Between the Capitoline and the Aventine, along the banks of the river, the wall, as we have shown, was discontinued, but it was recommenced at the spot where the latter hill approaches the Tiber. This may be shown from the well-ascertained position of the PORTA TRIGEMINA, which, as we learn from a passage in Frontinus, lay just under the Clivus Publicius, at the northernmost point of the hill ("incipit distribui Appia (aqua) imo Publicio Clivo ad Portam Trigeminam," Aq. 3); and the Clivus Publicius, as we know from a passage in Livy respecting the procession of the virgins before alluded to, formed the ascent to the Aventine from the Forum Boarium ("inde vico Tusco Velabroque per Boarium forum in clivum Publicium atque aedem Junonis Reginae perrectum," xxvii. 37). There are some difficulties connected with the question of this gate, from its being mentioned in conjunction with the Pons Sublicius; but there will be occasion to discuss the situation of that bridge in a separate section; and we shall only remark here that the narratives alluded to seem to show that it was at no great distance from the gate. It is probable that the latter derived its name from its having three Jani or arch

ways.

A little beyond the Porta Trigemina most topographers have placed a PORTA NAVALIS, which is mentioned only once, namely, by P. Diaconus in the following passage: "Navalis Porta a vicinia Navalium dicta" (p. 179, Müll.), where we are told that it derived its name from the vicinity of the government dockyards. It has been assumed that these docks lay to the S. of the Aventine, in the plain where Monte Testaccio stands; but Becker has the merit of having shown, as will appear in its proper place, that they were in the Campus Martius. There was, however, a kind of emporium or merchant dock, between the Aventine and Tiber, and, as this must have occasioned considerable traffic, it is probable that there was a gate leading to it somewhere on the W. side of the hill, perhaps near the Priorato, where there seems to have been an ascent, but whether it was called Porta Navalis it is impossible to say. The writer of this article is informed by a gentleman well acquainted with the subject, that traces of the Servian wall have very recently been discovered at the NW. side of the Aventine, below S. Sabina and S. Alessio.

The line of wall from this point to the Caelian hill cannot be determined with any certainty. Round the Aventine itself it doubtless followed the configuration of the hill; but its course from the S. point of the Aventine has been variously laid down. Hence the question arises whether it included the nameless height on which the churches of S. Sabina

and S. Saba now stand. It seems probable that it must, at all events, have included a considerable portion of it, since, had it proceeded along the valley, it would have been commanded by the hill; and indeed the most natural supposition is that it enclosed the whole, since the more extended line it would thus have described affords room for the several gates which we find mentioned between the Porta Trigemina and the Porta Capena near the foot of the Caelian.
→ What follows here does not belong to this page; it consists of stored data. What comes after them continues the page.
text \<open>
  On the grid Z_\<theta> both psibar_t(\<theta>, y) and phibar_t(\<theta>, y) are bounded by
  B_t(y) = \<gamma>_t \<theta> + \<alpha> F_t(y + \<theta> - s_{t+1}) B_{t+1}(y + \<theta>), with B_{T-1}(y) = \<gamma>_{T-1} \<theta>.
  The sum over m in psibar_t weights values of phibar_{t+1}(\<theta>, -) at points below y + \<theta>
  by the increments of F_t; as B_{t+1} is nondecreasing, the sum telescopes to at most
  F_t(y + \<theta> - s_{t+1}) B_{t+1}(y + \<theta>).  In phibar_t the first argument \<theta> is replaced only
  when y - \<theta> < s_t \<le> y, which for grid points y and s_t means y = s_t, so it stays \<theta>.
  Unrolling B_t gives exactly the products in U^\<epsilon>_t, and bounding each F by 1 gives
  Ubar^\<epsilon>_t.

  That S_t, s_t and \<lambda>_t(i) are grid points follows from the coercivity of C_t, which makes
  every supremum and infimum in the construction an attained grid point.
\<close>

section \<open>Grid points\<close>

definition Zgrid :: "real \<Rightarrow> real set" where
  "Zgrid \<theta> = range (zg \<theta>)"

lemma zg_in_Zgrid [simp]: "zg \<theta> m \<in> Zgrid \<theta>"
  by (simp add: Zgrid_def)

lemma theta_in_Zgrid: "\<theta> \<in> Zgrid \<theta>"
  using zg_in_Zgrid[of \<theta> 1] by (simp add: zg_def)

lemma Zgrid_add:
  assumes "a \<in> Zgrid \<theta>" "b \<in> Zgrid \<theta>"
  shows "a + b \<in> Zgrid \<theta>"
proof -
  obtain m n where "a = zg \<theta> m" "b = zg \<theta> n"
    using assms unfolding Zgrid_def by auto
  hence "a + b = zg \<theta> (m + n)" by (simp add: zg_def distrib_right)
  thus ?thesis by simp
qed
definition smooth01 :: "(real \<Rightarrow> 'a::real_normed_vector) \<Rightarrow> bool" where
  "smooth01 g \<longleftrightarrow> (\<forall>k. \<forall>x\<in>{0..1}. vderiv k g differentiable (at x within {0..1}))"

definition dnormsq :: "nat \<Rightarrow> nat \<Rightarrow> (nat \<Rightarrow> real \<Rightarrow> real) \<Rightarrow> real \<Rightarrow> real" where
  "dnormsq d m f s = (\<Sum>i<d. (vderiv m (f i) s)\<^sup>2)"

definition cnorm2 :: "nat \<Rightarrow> real \<Rightarrow> nat \<Rightarrow> (nat \<Rightarrow> real \<Rightarrow> real) \<Rightarrow> real" where
  "cnorm2 d r m f = (LINT s:{0..1}|lborel. s powr r * dnormsq d m f s)"

definition csup2 :: "nat \<Rightarrow> real \<Rightarrow> nat \<Rightarrow> (nat \<Rightarrow> real \<Rightarrow> real) \<Rightarrow> real" where
  "csup2 d r m f = (SUP s\<in>{0..1}. s powr r * dnormsq d m f s)"

definition sk :: "nat \<Rightarrow> real \<Rightarrow> nat \<Rightarrow> real" where
  "sk n r k = Gamma (real k + r) / (real n powr r * Gamma (real k))"

definition nabla :: "nat \<Rightarrow> (nat \<Rightarrow> real) \<Rightarrow> nat \<Rightarrow> real" where
  "nabla n g = (\<lambda>k. real n * (g (k + 1) - g k))"

definition ddiffsq :: "nat \<Rightarrow> nat \<Rightarrow> nat \<Rightarrow> (nat \<Rightarrow> nat \<Rightarrow> real) \<Rightarrow> nat \<Rightarrow> real" where
  "ddiffsq n d m f k = (\<Sum>i<d. (((nabla n ^^ m) (f i)) k)\<^sup>2)"

definition dnorm2 :: "nat \<Rightarrow> nat \<Rightarrow> real \<Rightarrow> nat \<Rightarrow> (nat \<Rightarrow> nat \<Rightarrow> real) \<Rightarrow> real" where
  "dnorm2 n d r m f = (1 / real n) * (\<Sum>k=1..n-m. sk n r k * ddiffsq n d m f k)"

text \<open>Maximum over \<open>1 \<le> k \<le> n-m\<close>; the \<open>insert 0\<close> only matters when this range is
  empty (all terms are nonnegative), in which case the value is 0.\<close>
definition dsup2 :: "nat \<Rightarrow> nat \<Rightarrow> real \<Rightarrow> nat \<Rightarrow> (nat \<Rightarrow> nat \<Rightarrow> real) \<Rightarrow> real" where
  "dsup2 n d r m f = Max (insert 0 ((\<lambda>k. sk n r k * ddiffsq n d m f k) ` {1..n-m}))"

end

theory Submission
  imports Defs
begin

(* Write G for the squared norm of the m-th derivative (resp. m-th forward difference)
   and D for the squared norm of the next one.  The only analytic input is that
   G' = 2<g,g'> obeys Young's inequality  |G'| <= t G + D/t  for every t > 0 (in the
   discrete case in the form  G_{k+1} - G_k = 2 P_k - D_k  with  2|P_k| <= t G_{k+1} + D_k/t).
   Integrating (s^p G)' = p s^(p-1) G + s^p G' over [a,1] for p = r and p = r+1
   (discretely: telescoping s_k^(p) G_k with the Gamma-function recurrences of the
   weights s_k^(p)) yields three estimates in terms of the endpoint value X = G(1)
   (resp. s_N^(r) G_N, N = n - m), A = ||f||_{r,m}^2 and B = ||f||_{r+1,m+1}^2:
     ||f||_{r-1,m}^2 <= (2/r) X + O(B),   |f|_{inf;r,m}^2 <= X + O(B),
     X <= (m+1) ((r+2) A + B).
   The endpoint term vanishes under the boundary hypothesis, and an elementary
   combination of the three estimates gives the theorem with C = K (m+1)(r+2) + K^2,
   K = 1 + 2/r, uniformly in the dimension d and in n. *)

lemma young_product:
  fixes e x z :: real
  assumes "0 < e"
  shows "2 * \<bar>x * z\<bar> \<le> e * x\<^sup>2 + z\<^sup>2 / e"
proof -
  have "0 \<le> (e * \<bar>x\<bar> - \<bar>z\<bar>)\<^sup>2 / e" using assms by simp
  also have "\<dots> = e * x\<^sup>2 + z\<^sup>2 / e - 2 * \<bar>x * z\<bar>"
    using assms by (simp add: power2_eq_square field_simps abs_mult)
  finally show ?thesis by simp
qed

lemma young_sum:
  fixes e :: real and x z :: "'a \<Rightarrow> real"
  assumes "0 < e"
  shows "2 * \<bar>\<Sum>i\<in>S. x i * z i\<bar> \<le> e * (\<Sum>i\<in>S. (x i)\<^sup>2) + (\<Sum>i\<in>S. (z i)\<^sup>2) / e"
proof -
  have "2 * \<bar>\<Sum>i\<in>S. x i * z i\<bar> \<le> (\<Sum>i\<in>S. 2 * \<bar>x i * z i\<bar>)"
    by (simp add: sum_distrib_left[symmetric] sum_abs)
  also have "\<dots> \<le> (\<Sum>i\<in>S. e * (x i)\<^sup>2 + (z i)\<^sup>2 / e)"
    using young_product[OF assms] by (intro sum_mono) auto
  also have "\<dots> = e * (\<Sum>i\<in>S. (x i)\<^sup>2) + (\<Sum>i\<in>S. (z i)\<^sup>2) / e"
    by (simp add: sum.distrib sum_distrib_left sum_divide_distrib)
  finally show ?thesis .
qed

definition Kc :: "real \<Rightarrow> real" where
  "Kc r = 1 + 2 / r"

definition Cc :: "real \<Rightarrow> nat \<Rightarrow> real" where
  "Cc r m = Kc r * ((real m + 1) * (r + 2)) + (Kc r)\<^sup>2"

lemma Kc_bounds:
  assumes r: "0 < r"
  shows "0 \<le> 2 / r" "2 / r \<le> Kc r" "1 / r \<le> Kc r" "1 + 1 / r \<le> Kc r"
    and "(2 / r)\<^sup>2 \<le> (Kc r)\<^sup>2" "(2 / r) * (1 + 2 / r) \<le> (Kc r)\<^sup>2"
proof -
  show "0 \<le> 2 / r" "2 / r \<le> Kc r" "1 / r \<le> Kc r" "1 + 1 / r \<le> Kc r"
    using r unfolding Kc_def by (simp_all add: field_simps)
  then show "(2 / r)\<^sup>2 \<le> (Kc r)\<^sup>2" by (intro power_mono)
  show "(2 / r) * (1 + 2 / r) \<le> (Kc r)\<^sup>2"
    unfolding power2_eq_square using \<open>2 / r \<le> Kc r\<close> r by (intro mult_mono) (simp_all add: Kc_def)
qed

lemma endpoint_interpolation:
  fixes r a b c A B X I S :: real and m :: nat
  assumes r: "0 < r" and A: "0 \<le> A" and B: "0 \<le> B" and X: "0 \<le> X"
    and I: "I \<le> a * X + b * B" and a: "0 \<le> a" "a \<le> Kc r" and b: "b \<le> (Kc r)\<^sup>2"
    and S: "S \<le> X + c * B" and c: "c \<le> Kc r"
  shows "X \<le> (real m + 1) * ((r + 2) * A + B) \<Longrightarrow>
           I \<le> Cc r m * (A + B) \<and> S \<le> Cc r m * (A + B)"
    and "X = 0 \<Longrightarrow> I \<le> Cc r m * B \<and> S \<le> Cc r m * B"
proof -
  define K where "K = Kc r"
  define M where "M = (real m + 1) * (r + 2)"
  have K1: "1 \<le> K" using r unfolding K_def Kc_def by simp
  have M1: "1 \<le> M" using mult_mono[of 1 "real m + 1" 1 "r + 2"] r unfolding M_def by simp
  have KK: "K \<le> K\<^sup>2" using K1 by (simp add: power2_eq_square)
  have I': "I \<le> K * X + K\<^sup>2 * B"
    using I mult_right_mono[OF a(2) X] mult_right_mono[OF b B] unfolding K_def by linarith
  have S': "S \<le> X + K\<^sup>2 * B"
    using S mult_right_mono[OF c B] mult_right_mono[OF KK B] unfolding K_def by linarith
  have C: "Cc r m * Y = K * M * Y + K\<^sup>2 * Y" for Y
    unfolding Cc_def K_def M_def by (simp add: algebra_simps)
  show "I \<le> Cc r m * (A + B) \<and> S \<le> Cc r m * (A + B)"
    if XA: "X \<le> (real m + 1) * ((r + 2) * A + B)"
  proof -
    have "(real m + 1) * B \<le> (real m + 1) * ((r + 2) * B)"
      using mult_right_mono[of 1 "r + 2" B] r B by (intro mult_left_mono) auto
    then have XM: "X \<le> M * (A + B)" using XA unfolding M_def by (simp add: algebra_simps)
    have "K * X \<le> K * M * (A + B)" using XM K1 by (simp add: mult.assoc mult_left_mono)
    moreover have "M * (A + B) \<le> K * (M * (A + B))"
      using mult_right_mono[OF K1, of "M * (A + B)"] M1 A B by simp
    then have "X \<le> K * M * (A + B)" using XM by (simp add: mult.assoc)
    moreover have "K\<^sup>2 * B \<le> K\<^sup>2 * (A + B)" using A by (simp add: mult_left_mono)
    ultimately show ?thesis using I' S' C[of "A + B"] by linarith
  qed
  show "I \<le> Cc r m * B \<and> S \<le> Cc r m * B" if "X = 0"
  proof -
    have "0 \<le> K * M * B" using K1 M1 B by simp
    then show ?thesis using that I' S' C[of B] by simp
  qed
qed

section \<open>The discrete weights\<close>

text \<open>The weights \<open>s_k^(p) = \<Gamma>(k+p) / (n^p \<Gamma>(k))\<close> discretise \<open>s^p\<close> at \<open>s = k/n\<close>;
  their Gamma-function recurrences replace the rules \<open>s^(p+1) = s s^p\<close> and
  \<open>(s^p)' = p s^(p-1)\<close> used in the continuous argument.\<close>

lemma sk_pos: "0 < n \<Longrightarrow> 1 \<le> k \<Longrightarrow> 0 < real k + p \<Longrightarrow> 0 < sk n p k"
  unfolding sk_def by (auto intro!: divide_pos_pos mult_pos_pos)

lemma sk_Suc_index:
  assumes "1 \<le> k" "0 < real k + p"
  shows "sk n p (k + 1) = sk n p k * (real k + p) / real k"
proof -
  have "Gamma (real (k + 1) + p) = (real k + p) * Gamma (real k + p)"
    using Gamma_plus1[of "real k + p"] assms by (auto simp: add_ac nonpos_Ints_def)
  moreover have "Gamma (real (k + 1)) = real k * Gamma (real k)"
    using Gamma_plus1[of "real k"] assms by (auto simp: add_ac nonpos_Ints_def)
  moreover have "Gamma (real k) > 0" using assms by auto
  ultimately show ?thesis using assms unfolding sk_def by (simp add: field_simps)
qed

lemma sk_Suc_exponent:
  assumes "0 < n" "0 < real k + p"
  shows "sk n (p + 1) k = sk n p k * (real k + p) / real n"
proof -
  have "Gamma (real k + (p + 1)) = (real k + p) * Gamma (real k + p)"
    using Gamma_plus1[of "real k + p"] assms by (auto simp: add_ac nonpos_Ints_def)
  moreover have "real n powr (p + 1) = real n powr p * real n" using assms by (simp add: powr_add)
  ultimately show ?thesis using assms unfolding sk_def by (simp add: field_simps)
qed

lemma sk_diagonal:
  assumes "0 < n" "1 \<le> k"
  shows "sk n (p - 1) (k + 1) = sk n p k * real n / real k"
proof -
  have "Gamma (real (k + 1)) = real k * Gamma (real k)"
    using Gamma_plus1[of "real k"] assms by (auto simp: add_ac nonpos_Ints_def)
  moreover have "real n powr p = real n powr (p - 1) * real n"
    using powr_add[of "real n" "p - 1" 1] assms by simp
  moreover have "Gamma (real k) > 0" "real n powr (p - 1) > 0" using assms by auto
  ultimately show ?thesis unfolding sk_def by (simp add: field_simps add_ac)
qed

text \<open>The endpoint weight of order r is comparable to the one of order r+1 when
  \<open>n \<le> (m+1) N\<close>; this is where the dependence of the constant on m enters.\<close>

lemma sk_endpoint_factor:
  assumes n: "0 < n" and N: "1 \<le> N" and r: "0 < r" and nN: "real n \<le> (real m + 1) * real N"
    and g: "0 \<le> g"
  shows "sk n r N * g \<le> (real m + 1) * (sk n (r + 1) N * g)"
proof -
  have sN: "0 < sk n r N" using sk_pos[OF n N] r by simp
  have "sk n (r + 1) N * real n = sk n r N * (real N + r)"
    using sk_Suc_exponent[of n N r] n r by simp
  moreover have "sk n r N * real n \<le> sk n r N * ((real m + 1) * (real N + r))"
    using nN r sN by (intro mult_left_mono) (auto intro: order_trans[OF _ mult_left_mono])
  ultimately have "sk n r N * real n \<le> (real m + 1) * (sk n (r + 1) N * real n)"
    by (simp add: algebra_simps)
  then have "sk n r N \<le> (real m + 1) * sk n (r + 1) N" using n by simp
  from mult_right_mono[OF this g] show ?thesis by (simp add: mult.assoc)
qed

lemma sum_split_first:
  fixes a :: "nat \<Rightarrow> real"
  assumes "1 \<le> N"
  shows "(\<Sum>k=1..N. a k) = a 1 + (\<Sum>k=1..<N. a (Suc k))"
  using sum.atLeast_Suc_atMost[of 1 N a] sum.shift_bounds_Suc_ivl[of a 1 N] assms
  by (simp add: atLeastLessThanSuc_atLeastAtMost)

section \<open>Discrete estimates\<close>

text \<open>An abstract discrete energy: \<open>G_k = |g_k|^2\<close>, \<open>D_k = |g_(k+1) - g_k|^2\<close> and
  \<open>P_k = <g_(k+1), g_(k+1) - g_k>\<close> satisfy exactly the following relations.\<close>

locale discrete_energy =
  fixes G D P :: "nat \<Rightarrow> real"
  assumes G_nonneg: "0 \<le> G k"
    and D_nonneg: "0 \<le> D k"
    and energy_step: "G (k + 1) - G k = 2 * P k - D k"
    and young: "0 < e \<Longrightarrow> 2 * \<bar>P k\<bar> \<le> e * G (k + 1) + D k / e"

lemma discrete_energy_sum_squares:
  fixes g :: "'a \<Rightarrow> nat \<Rightarrow> real"
  shows "discrete_energy (\<lambda>k. \<Sum>i\<in>S. (g i k)\<^sup>2) (\<lambda>k. \<Sum>i\<in>S. (g i (k + 1) - g i k)\<^sup>2)
           (\<lambda>k. \<Sum>i\<in>S. g i (k + 1) * (g i (k + 1) - g i k))"
proof
  fix k :: nat and e :: real
  show "0 \<le> (\<Sum>i\<in>S. (g i k)\<^sup>2)" "0 \<le> (\<Sum>i\<in>S. (g i (k + 1) - g i k)\<^sup>2)"
    by (simp_all add: sum_nonneg)
  show "(\<Sum>i\<in>S. (g i (k + 1))\<^sup>2) - (\<Sum>i\<in>S. (g i k)\<^sup>2)
        = 2 * (\<Sum>i\<in>S. g i (k + 1) * (g i (k + 1) - g i k)) - (\<Sum>i\<in>S. (g i (k + 1) - g i k)\<^sup>2)"
    by (simp add: sum_subtractf[symmetric] sum_distrib_left power2_eq_square algebra_simps)
  show "0 < e \<Longrightarrow> 2 * \<bar>\<Sum>i\<in>S. g i (k + 1) * (g i (k + 1) - g i k)\<bar>
        \<le> e * (\<Sum>i\<in>S. (g i (k + 1))\<^sup>2) + (\<Sum>i\<in>S. (g i (k + 1) - g i k)\<^sup>2) / e"
    by (rule young_sum)
qed

context discrete_energy
begin

text \<open>Weighted dissipation \<open>\<Sum>_(1\<le>k<N) n s_k^(r+1) D_k\<close>; for \<open>D_k = |g_(k+1) - g_k|^2\<close>
  with g the m-th differences this is \<open>||f||_{r+1,m+1}^2\<close>.\<close>

definition dissipation :: "nat \<Rightarrow> real \<Rightarrow> nat \<Rightarrow> real" where
  "dissipation n r N = (\<Sum>k=1..<N. real n * sk n (r + 1) k * D k)"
Among these we must, perhaps, assume a PORTA MINUCIA OF MINUTIA, which is twice mentioned by Paulus (pp. 122, 147), and whose name, he says, was derived from an ara or sacellum of Minucius, whom the Romans held to be a god. We hear nowhere else of such a Roman deity; but we learn from Pliny (xviii. 4) that a certain tribune of the people, named Minutius Augurinus, had a statue erected to him, by public subscription, beyond the Porta Trigemina, for having reduced the price of corn. This occurred at an early period, since the same story is narrated by Livy (iv. 13-16) B. C. 436, with the additional information that it was Minutius who procured the condemnation of the great corn monopoliser, Maelius, and that the statue alluded to was a gilt bull. It is possible therefore that the gate may have been named after him; and that from the extraordinary honours paid to him, he may have come in process of time to be vulgarly mistaken for a deity. If there is any truth in this view, the gate may be placed somewhere on the S. side of the Aventine.

In the mutilated fragment which we possess of Varro's description of the Roman gates (L.L. v. § 163, Müll.) he closes it by mentioning three, which it is impossible to place anywhere except in the line of wall between the Aventine and Caelian. He had been speaking of a place inhabited by Ennius, who lived on the Aventine (Hieron. Chron. 134, vol. i. p. 369, Ronc.), and then mentions consecutively a PORTA NAEVIA, PORTA RAUDUSCULA, and PORTA LAVERNALIS. He must therefore be enumerating the gates in the order from W. to E., since it would be impossible to find room for three more gates, besides those already mentioned, on the Aventine. The P. Naevia, therefore, probably lay in the valley between that hill and the adjoining height to the E. It could not have been situated on the Aventine itself, since the Basis Capitolina, mentions in the 12th Regio, or Piscina Publica, a vicus Porta Naevia, as well as another of Porta Raudusculana. But the exact position of the latter gate, as well as of the Porta Lavernalis, it is impossible to determine further than that they lay in the line of wall between the Aventine and Caelian.

After so much uncertainty it is refreshing to arrive at last at a gate whose site may be accurately fixed. The PORTA CAPENA lay at the foot of the Caelian hill, at a short distance W. of the spot where the Via Latina diverged from the Via Appia. The latter road issued from the P. Capena, and the discovery of the first milestone upon it, in a vineyard a short distance outside of the modern Porta di S. Sebastiano, has enabled the topographer accurately to determine its site to be at a spot now marked by a post with the letters P. C., 300 yards beyond the Via S. Gregorio, and 1480 within the modern gate. That it was seated in the valley, appears from the fact that the Rivus Herculaneus, probably a branch of the Aqua Marcia, passed over it; which, we are expressly told, lay too low to

supply the Caelian hill. (Front. Aq. 18.) Hence Juvenal (iii. 11):—

"Substitit ad veteres arcus madidamque Capenam," where we learn from the Scholia that the gate, which in later times must have lain a good way within the town, was called "Arcus Stillans." So Martial (iii. 47). :—

66

Capena grandi porta qua pluit gutta." A little way beyond this gate, on the Via Appia, between its point of separation from the Via Latina and the P. S. Sebastiano, there still exists one of the most interesting of the Roman monuments — the tomb of the Scipios, the site of which is marked by a solitary cypress.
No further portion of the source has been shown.